Back on top, Bishop Foley baseball takes state crown

By: Timothy Pontzer | Madison - Park News | Published June 17, 2017

 Bishop Foley senior Payton Schuster poses with his unwashed uniform following the D-3 title victory June 17. As a form of superstition, Schuster did not wash his jersey or pants for over a month.

Bishop Foley senior Payton Schuster poses with his unwashed uniform following the D-3 title victory June 17. As a form of superstition, Schuster did not wash his jersey or pants for over a month.

Photo by Patricia O'Blenes

EAST LANSING — Payton Schuster can finally wash his uniform.

The Madison Heights Bishop Foley senior outfielder made the proclamation following his club's 3-0 victory over Traverse City St. Francis in the Division 3 state title game June 17.

Schuster began the streak following a Ventures victory over Macomb Lutheran North May 8. His black jersey hid most of the mud and sweat of the span, but his once-white pants showcased the entire playoff run, boasting caked on dirt and dust from several different venues.

"I have to wrap up my leg before every game because of how big the hole is," Schuster said, gesturing towards a gaping rip in his left pant leg. "I stink, I know I smell real bad, but I'm a really superstitious person. I've played baseball my whole life, and I'll do whatever it takes."

Schuster convinced several of his teammates to join in on avoiding the washing machine, but he was the only one to do it with both his jersey and pants.
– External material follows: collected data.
lemma prob_ys_mult_bellman:
  assumes ys: "ys \<in> LY n"
  shows "prob_ys n ys * bellman mx my ms Q (induced_action n ys) V (posterior n ys)
     = prob_ys n ys * Ia mx my ms (induced_action n ys) (posterior n ys) + (\<Sum>y\<in>{0..my}. prob_ys (Suc n)
         (ys @ [y]) * V (posterior (Suc n) (ys @ [y])))"
proof (cases "prob_ys n ys = 0")
  case True
  have "prob_ys (Suc n) (ys @ [y]) = 0" if "y \<in> {0..my}" for y
    using prob_ys_snoc_le[OF ys that] prob_ys_nonneg[of "ys @ [y]" "Suc n"] True ys that
    by (simp add: snoc_in_seqs_iff)
  then show ?thesis using True by simp
next
  case False
  then have p: "prob_ys n ys > 0" using prob_ys_nonneg[OF ys] by simp
  have "prob_ys n ys * (\<Sum>y\<in>{0..my}. out_prob (posterior n ys) (induced_action n ys) y
      * V (filt mx ms Q (posterior n ys) y (induced_action n ys)))
     = (\<Sum>y\<in>{0..my}. prob_ys (Suc n) (ys @ [y]) * V (posterior (Suc n) (ys @ [y])))"
    unfolding sum_distrib_left
  proof (intro sum.cong refl)
    fix y assume y: "y \<in> {0..my}"
    show "prob_ys n ys * (out_prob (posterior n ys) (induced_action n ys) y * V (filt mx ms Q (posterior n ys) y (induced_action n ys)))
       = prob_ys (Suc n) (ys @ [y]) * V (posterior (Suc n) (ys @ [y]))"
    proof (cases "prob_ys (Suc n) (ys @ [y]) = 0")
      case True then show ?thesis using prob_ys_mult_out_prob[OF ys y] by (simp add: mult.assoc[symmetric])
    next
      case False
      then have "prob_ys (Suc n) (ys @ [y]) > 0" using prob_ys_nonneg[of "ys @ [y]" "Suc n"] ys y by (simp add: snoc_in_seqs_iff)
      then show ?thesis using prob_ys_mult_out_prob[OF ys y] posterior_snoc[OF ys y p] by (simp add: mult.assoc[symmetric])
    qed
  qed
  then show ?thesis unfolding bellman_eq_sum_out_prob by (simp add: distrib_left)
qed

section \<open>Chain rule for the leakage\<close>

definition hists :: "nat \<Rightarrow> (int list \<times> int \<times> int list \<times> int \<times> int list) set" where
  "hists n = LX n \<times> {0..mx} \<times> LS n \<times> {0..ms} \<times> LY n"

lemma sum_hists_Suc:
  "(\<Sum>h\<in>hists (Suc n). F h)
      = (\<Sum>(xs,x,ss,s,ys)\<in>hists n. \<Sum>y\<in>{0..my}. \<Sum>x'\<in>{0..mx}. \<Sum>s'\<in>{0..ms}.
          F (xs @ [x], x', ss @ [s], s', ys @ [y]))"
proof -
  define G where "G = (\<lambda>((xs::int list,x::int,ss::int list,s::int,ys::int list),y::int,x'::int,s'::int).
      (xs @ [x], x', ss @ [s], s', ys @ [y]))"
  have inj: "inj_on G (hists n \<times> {0..my} \<times> {0..mx} \<times> {0..ms})" by (auto simp: inj_on_def G_def)
  have img: "G ` (hists n \<times> {0..my} \<times> {0..mx} \<times> {0..ms}) = hists (Suc n)"
  proof (intro set_eqI iffI)
    fix h assume "h \<in> G ` (hists n \<times> {0..my} \<times> {0..mx} \<times> {0..ms})"
    then show "h \<in> hists (Suc n)" by (auto simp: G_def hists_def snoc_in_seqs_iff)
  next
    fix h assume "h \<in> hists (Suc n)"
    then obtain xs' x' ss' s' ys' where h: "h = (xs', x', ss', s', ys')" "xs' \<in> LX (Suc n)" "x' \<in> {0..mx}"
      "ss' \<in> LS (Suc n)" "s' \<in> {0..ms}" "ys' \<in> LY (Suc n)" by (auto simp: hists_def)
    obtain xs x where xs: "xs' = xs @ [x]" "xs \<in> LX n" "x \<in> {0..mx}" using h(2) by (rule seqs_SucE)
    obtain ss s where ss: "ss' = ss @ [s]" "ss \<in> LS n" "s \<in> {0..ms}" using h(4) by (rule seqs_SucE)
    obtain ys y where ys: "ys' = ys @ [y]" "ys \<in> LY n" "y \<in> {0..my}" using h(6) by (rule seqs_SucE)
    show "h \<in> G ` (hists n \<times> {0..my} \<times> {0..mx} \<times> {0..ms})"
      using h xs ss ys by (auto simp: G_def hists_def intro!: image_eqI[where x="((xs,x,ss,s,ys),y,x',s')"])
  qed
  have "(\<Sum>h\<in>hists (Suc n). F h) = (\<Sum>p\<in>hists n \<times> {0..my} \<times> {0..mx} \<times> {0..ms}. F (G p))"
    unfolding img[symmetric] by (rule sum.reindex[OF inj, unfolded o_def])
  also have "\<dots> = (\<Sum>h\<in>hists n. \<Sum>y\<in>{0..my}. \<Sum>x'\<in>{0..mx}. \<Sum>s'\<in>{0..ms}. F (G (h, y, x', s')))"
    by (simp add: sum.cartesian_product split_beta)
  finally show ?thesis by (simp add: G_def split_beta)
qed

lemma sum_hists_regroup:
  "(\<Sum>(xs,x,ss,s,ys)\<in>hists n. F xs x ss s ys)
      = (\<Sum>ys\<in>LY n. \<Sum>x\<in>{0..mx}. \<Sum>s\<in>{0..ms}. \<Sum>xs\<in>LX n. \<Sum>ss\<in>LS n. F xs x ss s ys)"
proof -
  define G where "G = (\<lambda>(ys::int list,x::int,s::int,xs::int list,ss::int list). (xs,x,ss,s,ys))"
  have inj: "inj_on G (LY n \<times> {0..mx} \<times> {0..ms} \<times> LX n \<times> LS n)" by (auto simp: inj_on_def G_def)
  have img: "G ` (LY n \<times> {0..mx} \<times> {0..ms} \<times> LX n \<times> LS n) = hists n"
    by (auto simp: G_def hists_def image_iff)
  have "(\<Sum>(xs,x,ss,s,ys)\<in>hists n. F xs x ss s ys)
      = (\<Sum>p\<in>LY n \<times> {0..mx} \<times> {0..ms} \<times> LX n \<times> LS n. (\<lambda>(xs,x,ss,s,ys). F xs x ss s ys) (G p))"
    unfolding img[symmetric] by (rule sum.reindex[OF inj, unfolded o_def])
  also have "\<dots> = (\<Sum>(ys,x,s,xs,ss)\<in>LY n \<times> {0..mx} \<times> {0..ms} \<times> LX n \<times> LS n. F xs x ss s ys)"
    by (rule sum.cong) (auto simp: G_def)
  also have "\<dots> = (\<Sum>ys\<in>LY n. \<Sum>x\<in>{0..mx}. \<Sum>s\<in>{0..ms}. \<Sum>xs\<in>LX n. \<Sum>ss\<in>LS n. F xs x ss s ys)"
    by (rule sum_cartesian5)
  finally show ?thesis .
qed

definition cum_leak :: "nat \<Rightarrow> real" where
  "cum_leak n = (\<Sum>(xs,x,ss,s,ys)\<in>hists n.
      hist_weight n xs x ss s ys * (ln (policy_prod n xs ss ys) - ln (prob_ys n ys)))"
His superstitions do have a certain limit, however.

"I even wore the same brand of underwear this whole time," Schuster laughingly added. "Now, it's not the same pair, I do wash those, but I wear the same brand for every game."
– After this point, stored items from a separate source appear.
lemma canon_user_via_cost_rank: "canon_user c P' i = (THE p. p \<in> P' \<and> cost_rank c P' p = i)"
  unfolding canon_user_def cost_rank_def ..

lemma cost_rank_strict_mono:
  assumes "finite P'" "p \<in> P'" "c p < c p'"
  shows "cost_rank c P' p < cost_rank c P' p'"
  unfolding cost_rank_def using assms by (intro psubset_card_mono) auto

lemma cost_rank_less_card:
  assumes "finite P'" "p \<in> P'"
  shows "cost_rank c P' p < card P'"
  unfolding cost_rank_def using assms by (intro psubset_card_mono) auto

lemma bij_betw_cost_rank:
  assumes fin: "finite P'" and inj: "inj_on c P'"
  shows "bij_betw (cost_rank c P') P' {..<card P'}"
proof -
  have rank_inj: "inj_on (cost_rank c P') P'"
  proof (rule inj_onI)
    fix p q assume pq: "p \<in> P'" "q \<in> P'" "cost_rank c P' p = cost_rank c P' q"
    then have "\<not> c p < c q" "\<not> c q < c p"
      using cost_rank_strict_mono[OF fin] by (metis less_irrefl)+
    then show "p = q" using inj pq(1,2) by (metis inj_on_contraD linorder_neqE_linordered_idom)
  qed
  moreover have "cost_rank c P' ` P' \<subseteq> {..<card P'}"
    using cost_rank_less_card[OF fin] by auto
  ultimately show ?thesis
    by (simp add: bij_betw_def card_image card_subset_eq)
qed

lemma
  assumes fin: "finite P'" and inj: "inj_on c P'" and i: "i < card P'"
  shows canon_user_mem: "canon_user c P' i \<in> P'"
    and cost_rank_canon_user: "cost_rank c P' (canon_user c P' i) = i"
proof -
  have bij: "bij_betw (cost_rank c P') P' {..<card P'}" by (rule bij_betw_cost_rank[OF fin inj])
  then obtain p where p: "p \<in> P'" "cost_rank c P' p = i"
    using i by (metis bij_betw_def imageE lessThan_iff)
  have "canon_user c P' i = p"
    unfolding canon_user_via_cost_rank
    using p bij by (intro the_equality) (auto simp: bij_betw_def inj_on_def)
  then show "canon_user c P' i \<in> P'" "cost_rank c P' (canon_user c P' i) = i" using p by auto
qed

lemma canon_user_mono:
  assumes fin: "finite P'" and inj: "inj_on c P'" and ij: "i \<le> j" "j < card P'"
  shows "c (canon_user c P' i) \<le> c (canon_user c P' j)"
proof (rule ccontr)
  assume "\<not> ?thesis"
  then have "cost_rank c P' (canon_user c P' j) < cost_rank c P' (canon_user c P' i)"
    using ij by (intro cost_rank_strict_mono[OF fin] canon_user_mem[OF fin inj]) auto
  then show False using ij by (simp add: cost_rank_canon_user[OF fin inj])
qed

lemma sorted_slot_vals: "sorted_wrt (\<ge>) (slot_vals A u v)"
  unfolding slot_vals_def sorted_wrt_rev by simp

lemma finite_slots: "finite A \<Longrightarrow> finite (slots A u)"
proof -
  assume "finite A"
  moreover have "slots A u = (SIGMA a:A. {..<u a})" unfolding slots_def by auto
  ultimately show ?thesis by simp
qed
The lucky lack of laundering paid off, as Bishop Foley (25-12-1) capped off a dominant postseason run. In order to win the program's first title since 2013, the Ventures needed seven playoff wins, doing so by a 73-3 margin.

The Ventures accomplished the feat under second-year coach Greg Fettes. Only 24, the Madison Lamphere and University of Kentucky baseball standout was thrilled to be at the helm of a champion.
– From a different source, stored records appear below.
lemma eval_app3:
  "eval_trm A \<rho> (app3 t a b c) =
   eval_trm A (\<lambda>i. if i = 0 then eval_trm A \<rho> a else if i = 1 then eval_trm A \<rho> b
                    else eval_trm A \<rho> c) t"
  unfolding app3_def eval_subst_trm by (rule arg_cong[where f = "\<lambda>r. eval_trm A r t"]) auto

lemma eval_app4:
  "eval_trm A \<rho> (app4 t a b c d) =
   eval_trm A (\<lambda>i. if i = 0 then eval_trm A \<rho> a else if i = 1 then eval_trm A \<rho> b
                    else if i = 2 then eval_trm A \<rho> c else eval_trm A \<rho> d) t"
  unfolding app4_def eval_subst_trm by (rule arg_cong[where f = "\<lambda>r. eval_trm A r t"]) auto

lemma app4_app3:
  "app4 (app3 t a b c) p q r s = app3 t (app4 a p q r s) (app4 b p q r s) (app4 c p q r s)"
  unfolding app3_def app4_def subst_trm_subst_trm
  by (rule arg_cong[where f = "\<lambda>\<sigma>. subst_trm \<sigma> t"]) auto

lemma subst_trm_app3:
  "subst_trm \<sigma> (app3 t a b c) = app3 t (subst_trm \<sigma> a) (subst_trm \<sigma> b) (subst_trm \<sigma> c)"
  unfolding app3_def subst_trm_subst_trm
  by (rule arg_cong[where f = "\<lambda>\<sigma>. subst_trm \<sigma> t"]) auto

lemma app4_Var [simp]:
  "app4 (Var i) p q r s = (if i = 0 then p else if i = 1 then q else if i = 2 then r else s)"
  by (simp add: app4_def)

lemma app3_in_trms_in:
  assumes "t \<in> trms_in ar 3" "a \<in> trms_in ar k" "b \<in> trms_in ar k" "c \<in> trms_in ar k"
  shows "app3 t a b c \<in> trms_in ar k"
  using assms unfolding app3_def trms_in_def by (auto intro!: wf_subst_trm simp: vars_subst_trm split: if_splits)

definition identities_of :: "('f \<Rightarrow> nat) \<Rightarrow> ('a, 'f) alg \<Rightarrow> (('f, nat) trm \<times> ('f, nat) trm) set" where
  "identities_of ar A = {(s, t). wf_trm ar s \<and> wf_trm ar t \<and>
     (\<forall>\<rho>. (\<forall>x. \<rho> x \<in> fst A) \<longrightarrow> eval_trm A \<rho> s = eval_trm A \<rho> t)}"

lemma variety_identities_of: "variety ar (identities_of ar A)"
  by (auto simp: variety_def identities_of_def)

lemma in_variety_identities_of: "is_alg ar A \<Longrightarrow> in_variety ar (identities_of ar A) A"
  by (auto simp: in_variety_def identities_of_def)

lemma eqth_identities_of_iff:
  assumes "is_alg ar A" "wf_trm ar s" "wf_trm ar t"
  shows "eqth ar (identities_of ar A) s t \<longleftrightarrow>
         (\<forall>\<rho>. (\<forall>x. \<rho> x \<in> fst A) \<longrightarrow> eval_trm A \<rho> s = eval_trm A \<rho> t)"
proof
  assume "eqth ar (identities_of ar A) s t"
  then show "\<forall>\<rho>. (\<forall>x. \<rho> x \<in> fst A) \<longrightarrow> eval_trm A \<rho> s = eval_trm A \<rho> t"
    using eqth_sound in_variety_identities_of[OF assms(1)] by blast
next
  assume "\<forall>\<rho>. (\<forall>x. \<rho> x \<in> fst A) \<longrightarrow> eval_trm A \<rho> s = eval_trm A \<rho> t"
  with assms have "(s, t) \<in> identities_of ar A" by (simp add: identities_of_def)
  from eqth.eq_ax[OF this, where \<sigma> = Var] show "eqth ar (identities_of ar A) s t" by simp
qed

lemma eqth_identities_of_iff_restricted:
  assumes alg: "is_alg ar A" and c: "c \<in> fst A" and s: "s \<in> trms_in ar k" and t: "t \<in> trms_in ar k"
  shows "eqth ar (identities_of ar A) s t \<longleftrightarrow>
    (\<forall>f \<in> PiE {..<k} (\<lambda>_. fst A).
       eval_trm A (\<lambda>x. if x < k then f x else c) s = eval_trm A (\<lambda>x. if x < k then f x else c) t)"
    (is "_ \<longleftrightarrow> (\<forall>f \<in> ?F. eval_trm A (?ext f) s = eval_trm A (?ext f) t)")
proof -
  have eval_ext: "eval_trm A \<rho> u = eval_trm A (?ext (restrict \<rho> {..<k})) u"
    if "u \<in> trms_in ar k" for \<rho> u
    using that by (intro eval_trm_cong_vars) (auto simp: trms_in_def)
  have "eqth ar (identities_of ar A) s t \<longleftrightarrow>
      (\<forall>\<rho>. (\<forall>x. \<rho> x \<in> fst A) \<longrightarrow> eval_trm A \<rho> s = eval_trm A \<rho> t)"
    using s t by (intro eqth_identities_of_iff[OF alg]) (auto simp: trms_in_def)
  also have "\<dots> \<longleftrightarrow> (\<forall>f \<in> ?F. eval_trm A (?ext f) s = eval_trm A (?ext f) t)"
  proof
    assume all: "\<forall>\<rho>. (\<forall>x. \<rho> x \<in> fst A) \<longrightarrow> eval_trm A \<rho> s = eval_trm A \<rho> t"
    show "\<forall>f \<in> ?F. eval_trm A (?ext f) s = eval_trm A (?ext f) t"
    proof
      fix f assume "f \<in> ?F"
      then have "\<forall>x. ?ext f x \<in> fst A" using c by auto
      then show "eval_trm A (?ext f) s = eval_trm A (?ext f) t" by (rule all[THEN spec, THEN mp])
    qed
  next
    assume eq: "\<forall>f \<in> ?F. eval_trm A (?ext f) s = eval_trm A (?ext f) t"
    show "\<forall>\<rho>. (\<forall>x. \<rho> x \<in> fst A) \<longrightarrow> eval_trm A \<rho> s = eval_trm A \<rho> t"
    proof (intro allI impI)
      fix \<rho> :: "nat \<Rightarrow> _" assume "\<forall>x. \<rho> x \<in> fst A"
      then have "restrict \<rho> {..<k} \<in> ?F" by simp
      with eq have "eval_trm A (?ext (restrict \<rho> {..<k})) s = eval_trm A (?ext (restrict \<rho> {..<k})) t"
        by blast
      with eval_ext[OF s] eval_ext[OF t] show "eval_trm A \<rho> s = eval_trm A \<rho> t" by simp
    qed
  qed
  finally show ?thesis .
qed

text \<open>Modulo the identities of a finite algebra A, a term in the first k variables is determined
  by the function it induces on \<open>A\<^sup>k\<close>, and there are finitely many of those.\<close>

lemma locally_finite_identities_of:
  assumes alg: "is_alg ar A" and fin: "finite (fst A)" and c: "c \<in> fst A"
  shows "locally_finite ar (identities_of ar A)"
  unfolding locally_finite_def
proof
  fix k
  let ?T = "trms_in ar k" and ?E = "identities_of ar A" and ?F = "PiE {..<k} (\<lambda>_. fst A)"
  define key where "key t = restrict (\<lambda>f. eval_trm A (\<lambda>x. if x < k then f x else c) t) ?F" for t
  have "eqth ar ?E s t \<longleftrightarrow> key s = key t" if "s \<in> ?T" "t \<in> ?T" for s t
    unfolding eqth_identities_of_iff_restricted[OF alg c that] key_def restrict_def fun_eq_iff
    by auto
  then have "(\<lambda>t. {s \<in> ?T. eqth ar ?E s t}) ` ?T = (\<lambda>K. {s \<in> ?T. key s = K}) ` key ` ?T"
    unfolding image_image by (intro image_cong) auto
  moreover have "key t \<in> PiE ?F (\<lambda>_. fst A)" if "t \<in> ?T" for t
    unfolding key_def restrict_PiE_iff
    using that alg c by (auto simp: trms_in_def intro!: eval_trm_closed)
  then have "key ` ?T \<subseteq> PiE ?F (\<lambda>_. fst A)" by blast
  then have "finite (key ` ?T)"
    by (rule finite_subset) (intro finite_PiE fin finite_lessThan)
  ultimately show "finite ((\<lambda>t. {s \<in> ?T. eqth ar ?E s t}) ` ?T)" by simp
qed

definition ker_on :: "'a set \<Rightarrow> ('a \<Rightarrow> 'k) \<Rightarrow> ('a \<times> 'a) set" where
  "ker_on S key = {(x, y). x \<in> S \<and> y \<in> S \<and> key x = key y}"

lemma congruence_ker_on:
  assumes alg: "is_alg ar A"
    and resp: "\<And>f xs ys. length xs = ar f \<Longrightarrow> set xs \<subseteq> fst A \<Longrightarrow> set ys \<subseteq> fst A \<Longrightarrow>
                 map key xs = map key ys \<Longrightarrow> key (snd A f xs) = key (snd A f ys)"
  shows "congruence ar A (ker_on (fst A) key)"
  unfolding congruence_def
proof (intro conjI allI impI)
  show "equiv (fst A) (ker_on (fst A) key)"
    by (auto simp: equiv_def refl_on_def sym_def trans_def ker_on_def)
  fix f xs ys assume a: "length xs = ar f \<and> list_all2 (\<lambda>a b. (a, b) \<in> ker_on (fst A) key) xs ys"
  then have rel: "list_all2 (\<lambda>a b. a \<in> fst A \<and> b \<in> fst A \<and> key a = key b) xs ys"
    by (simp add: ker_on_def)
  then have xs: "set xs \<subseteq> fst A" and ys: "set ys \<subseteq> fst A"
    by (auto simp: list_all2_conv_all_nth in_set_conv_nth)
  have "map key xs = map key ys"
    using rel by (simp add: list.rel_eq[symmetric] list_all2_map1 list_all2_map2 list_all2_mono)
  then have "key (snd A f xs) = key (snd A f ys)"
    using resp a xs ys by blast
  moreover have "length ys = ar f" using a list_all2_lengthD by fastforce
  ultimately show "(snd A f xs, snd A f ys) \<in> ker_on (fst A) key"
    using a alg xs ys unfolding ker_on_def is_alg_def by blast
qed

lemma congruence_refl: "congruence ar A \<theta> \<Longrightarrow> x \<in> fst A \<Longrightarrow> (x, x) \<in> \<theta>"
  by (auto simp: congruence_def equiv_def refl_on_def)

lemma congruence_sym: "congruence ar A \<theta> \<Longrightarrow> (x, y) \<in> \<theta> \<Longrightarrow> (y, x) \<in> \<theta>"
  by (auto simp: congruence_def equiv_def sym_def)

lemma congruence_trans: "congruence ar A \<theta> \<Longrightarrow> trans \<theta>"
  by (auto simp: congruence_def equiv_def)

lemma congruence_carrier: "congruence ar A \<theta> \<Longrightarrow> (x, y) \<in> \<theta> \<Longrightarrow> x \<in> fst A \<and> y \<in> fst A"
  by (auto simp: congruence_def equiv_def refl_on_def)

lemma eval_trm_congruent_if_eq:
  assumes \<theta>: "congruence ar A \<theta>" and s: "wf_trm ar s" and t: "wf_trm ar t"
    and \<rho>: "\<And>i. (\<rho> i, \<rho>' i) \<in> \<theta>" and eq: "eval_trm A \<rho>' s = eval_trm A \<rho>' t"
  shows "(eval_trm A \<rho> s, eval_trm A \<rho> t) \<in> \<theta>"
proof -
  have "(eval_trm A \<rho> s, eval_trm A \<rho>' t) \<in> \<theta>"
    using eval_trm_congruence[OF \<theta> s, of \<rho> \<rho>'] \<rho> eq by simp
  moreover have "(eval_trm A \<rho> t, eval_trm A \<rho>' t) \<in> \<theta>"
    using \<theta> t \<rho> by (rule eval_trm_congruence)
  then have "(eval_trm A \<rho>' t, eval_trm A \<rho> t) \<in> \<theta>" by (rule congruence_sym[OF \<theta>])
  ultimately show ?thesis by (rule transD[OF congruence_trans[OF \<theta>]])
qed

section \<open>Directed Jonsson terms and Day terms\<close>

lemma trans_alt_comp_absorb:
  assumes "trans X" shows "X O alt_comp X Y (Suc k) \<subseteq> alt_comp X Y (Suc k)"
  using assms by (cases k) (auto dest: transD)

locale directed_jonsson_ops =
  fixes ar :: "'f \<Rightarrow> nat" and A :: "('a, 'f) alg" and n :: nat
    and T :: "nat \<Rightarrow> 'a \<Rightarrow> 'a \<Rightarrow> 'a \<Rightarrow> 'a"
  assumes T_0: "x \<in> fst A \<Longrightarrow> y \<in> fst A \<Longrightarrow> z \<in> fst A \<Longrightarrow> T 0 x y z = x"
    and T_n: "x \<in> fst A \<Longrightarrow> y \<in> fst A \<Longrightarrow> z \<in> fst A \<Longrightarrow> T n x y z = z"
    and T_id: "h \<le> n \<Longrightarrow> x \<in> fst A \<Longrightarrow> y \<in> fst A \<Longrightarrow> T h x y x = x"
    and T_step: "h < n \<Longrightarrow> x \<in> fst A \<Longrightarrow> z \<in> fst A \<Longrightarrow> T h x z z = T (Suc h) x x z"
    and T_congruence: "h \<le> n \<Longrightarrow> congruence ar A \<theta> \<Longrightarrow>
       (x, x') \<in> \<theta> \<Longrightarrow> (y, y') \<in> \<theta> \<Longrightarrow> (z, z') \<in> \<theta> \<Longrightarrow> (T h x y z, T h x' y' z') \<in> \<theta>"
begin

lemma T_in_class:
  assumes "congruence ar A \<alpha>" "(a, d) \<in> \<alpha>" "h \<le> n" "u \<in> fst A" "v \<in> fst A"
  shows "(T h a u d, T h a v d) \<in> \<alpha>"
proof -
  have a: "a \<in> fst A" using congruence_carrier[OF assms(1,2)] by simp
  have "(T h a w d, a) \<in> \<alpha>" if "w \<in> fst A" for w
  proof -
    have "(T h a w d, T h a w a) \<in> \<alpha>"
      using T_congruence[OF assms(3,1) congruence_refl[OF assms(1) a] congruence_refl[OF assms(1) that]
          congruence_sym[OF assms(1,2)]] .
    then show ?thesis using T_id[OF assms(3) a that] by simp
  qed
  from this[OF assms(4)] congruence_sym[OF assms(1) this[OF assms(5)]] show ?thesis
    by (rule transD[OF congruence_trans[OF assms(1)]])
qed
"This is just amazing, my voice is gone from screaming," Fettes hoarsely whispered in the post-game celebration. "I never did this as a player. As a coach it is even more sweet, you take your career out of it and then you put it into these guys. They play their butts off, that's all I can ask of them."

Fettes credited the win largely to his starting pitcher, senior Justin Campbell. A Tulane University commit, the lefty hurled a complete game, striking out eight in the shutout.

"When Campbell is on the mound, I'm very, very confident that we're going to win the ballgame," Fettes said. "Now, I knew that (St. Francis) was a good team, and they came out swinging. But he wasn't nervous, you can see what Campbell is, they got three squared up early but he got out of it, and then the momentum switches."

Campbell allowed three hits in the first inning but was able to end the inning without allowing a run. From then on, he allowed three more hits in the contest.

"I noticed in the first inning that my fastball was really flat, and I wasn't getting much curve on my curveball so I needed to make an adjustment," Campbell said. "I put my arm slot down a little bit, and I started to throw my curveball as hard as I could and that seemed to work. I was able to locate my pitches and do my thing."

While he was keeping the St. Francis (38-4) batters at bay, Campbell's run support struggled to show itself. A two-out rally in the bottom of the fifth provided the game's only offense.

"We knew we could break it open, but before that inning I told the guys in the dugout, 'Hey I need help, you need to pick me up here,' because I needed something," Campbell said. "They came back with three runs. I love this team more than anything.”

The club's ninth hitter in the lineup, junior Evan Ludwick delivered a single to start the flurry. Schuster, batting in his usual leadoff spot, followed with his own single. A sacrifice fly advanced the runners, setting the stage for junior Mason Minzey.

The junior catcher drove the ball to deep center, causing the St. Francis center fielder to turn and fall, losing his balance. The ball trickled all the way to the wall, with Minzey standing on third, collecting two RBIs.

"I told one of my assistants early on, 'This game is going to be won on a mistake,'" Fettes said. "The center fielder lost his footing, that's what won us the game. When you have two great teams battling it out, something like that is usually the difference."

"I saw a fastball right down the plate, and I just picked it out and put a good swing on it," Minzey said. "Right when (the outfielder) fell, I was rounding first and knew it could be a triple with the deep fence back there."

Campbell then strolled to the plate, giving himself insurance with a single that scored Minzey.

"I couldn't have done it without Mason, he comes up with those two runs with two outs," Campbell said. "Without him I can't get up to bat. This is fantastic, there are no words to describe it. I've never made it to regionals. To make it all the way and win this game is unbelievable."

Minzey was quick to reverse the praise, citing his battery mate as the reason for the trophy.

"I've never caught someone as great as Justin, the guy is incredible," Minzey said. "He's committed to Tulane for a reason. He shuts down every opponent that he faces. He's just unstoppable, an awesome pitcher."

The title marked the first banner for Bishop Foley since a D-3 three-peat from 2011-13. Longtime coach Buster Sunde helmed those championship rosters, and once again he was watching the Ventures win it all, this time supporting in the stands.

"To take the reins from Buster, that was tough to do," said Fettes, who played club baseball for Sunde. "I see him as a dad to me. For him to be up there watching today, it means the world. He's helped me so much and means so much to this team."

Only a few years removed from his playing days, many of the current Ventures believe Fettes could oversee another dynasty.

"Coach expects a lot out of us, but he's young so he understands what being a kid is like," Schuster said. "He makes practices laid back and easy, so once we get out on the field we play the same way, ready to roll. What won it for us was that be believed in each other. We're the tightest-knit family you'll ever find on a baseball field."